Interestingly, we found that DEGs in the sepsis modules, either up-regulated or down-regulated, are prone to play a central role topologically in comparison to the non-DEGs. For instance, DEGs in M47 have an average correlation coefficient of 0.6 while the connectivity is merely 0.45 for the other genes (p < 3.96E-05, Mann–Whitney U test). Similar results can be observed for the other four modules of both SAM and DEM, including M15, M22, M23, and M45 (Fig. 4G). The DEGs of M32 are overall more correlated with module gene members in expression, although not significantly. Generally, the average correlation coefficient of module DEGs is significantly higher than that of the other genes, suggesting that genes differentially expressed may drive the biogenesis or dysfunction of the coexpression gene modules.

5. Sepsis lncRNA candidates

We constructed a lncRNA-module interaction network including 251 interactions between 23 sepsis modules and 201 lncRNAs (Fig. 5A). Although most of the lncRNAs regulate none or merely a single sepsis module (Fig. 5B), FENDRR, MALAT1, TUG1, CRNDE, and ANCR connect multiple sepsis modules with the connectivity of 14, 10, 10, 8, and 5, respectively, which are expected to have high potentials to be involved in the sepsis progress.

A subnetwork concentrating on the five candidate sepsis lncRNAs and their regulated sepsis modules is shown on the bottom panel of Fig. 5A. FENDRR, the FOXF1 adjacent non-coding developmental regulatory RNA, plays as a hub regulator mediating 14 sepsis modules in the lncRNA-module interaction network. Both MALAT1 and CRNDE regulate ten sepsis modules and they share seven common modules, six out of them are down-regulated. TUG1 interacts with six down-regulated and two up-regulated DEMs, indicating that TUG1 tend to involve in under expression pathways. In contrast, ANCR (Angelman syndrome chromosome region) links four up-regulated DEMs and only one down-regulated DEMs, suggesting that ANCR may mediate some over expression pathways implicated in sepsis.

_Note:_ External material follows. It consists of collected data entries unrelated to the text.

lemma prod_branching_le: "(\<Prod>j<height. branching j) \<le> card (out_leaves V E) ^ card (out_leaves V E)"
proof -
  have "(\<Prod>j<height. branching j) \<le> 2 ^ (\<Sum>j<height. branching j - 1)"
    by (rule prod_le_two_power_sum) (simp add: branching_pos)
  also have "\<dots> \<le> 2 ^ (card (out_leaves V E) - 1)"
    using sum_branching_le by (intro power_increasing) auto
  also have "\<dots> \<le> card (out_leaves V E) ^ card (out_leaves V E)"
    by (rule two_power_pred_le_self_power)
  finally show ?thesis .
qed

lemma card_sym_tree_V_le_card_V_mult:
  "card (sym_tree_V height branching) \<le> card V * (\<Prod>j<height. branching j)"
proof -
  have "card (sym_tree_V height branching) \<le> (height + 1) * (\<Prod>j<height. branching j)"
    using card_sym_tree_V_le branching_pos by blast
  also have "\<dots> \<le> card V * (\<Prod>j<height. branching j)"
    using height_less_card_V by (intro mult_right_mono) auto
  finally show ?thesis .
qed

definition child_index :: "'a \<Rightarrow> 'a \<Rightarrow> nat" where
  "child_index u = (SOME f. bij_betw f (children u) {..<card (children u)})"

lemma bij_betw_child_index: "bij_betw (child_index u) (children u) {..<card (children u)}"
  unfolding child_index_def
  using someI_ex[OF ex_bij_betw_finite_nat[OF finite_children]] by (simp add: atLeast0LessThan)

primrec address :: "nat \<Rightarrow> 'a \<Rightarrow> nat list" where
  "address 0 v = []"
| "address (Suc n) v = address n (parent v) @ [child_index (parent v) v]"

lemma length_address: "length (address n v) = n"
  by (induction n arbitrary: v) auto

Furthermore, we investigated the regulatory mechanism of how the lncRNAs regulate the modules in sepsis from the perspective of competing endogenous RNAs (ceRNAs), which impact the translation rate of mRNAs by competing for shared miRNAs [21, 22]. lncRNAs are able to share the same miRNA response elements with mRNAs transferred by the sepsis modules, thereby sponging miRNAs intended to bind to these mRNAs and depressing the overall expression level of sepsis modules (Fig. 5C). Several miRNAs have been previously validated as potential regulators in sepsis, such as miR-34a, miR-206, and miR-199b-5p. By these miRNAs, we found that CRNDE regulates module 5 and module 20 through miR-199b-5p (CRNDE ◊ miR-199b-5p ◊ M5/M20), indicating that CRNDE acts as a miRNA sponge of miR-199b-5p and thereby modulating the transcripts of genes in module 5 and module 20 (Fig. 5D). Similarly, MALAT1 regulates module 7 and module 20 through the miR-206-mediated lncRNA-mRNA interactions (MALAT1 ◊ miR-206 ◊ M7/M20). The in-detail information of these candidate lncRNAs including secondary structure and miRNA targets are provided in Fig. 5E and F.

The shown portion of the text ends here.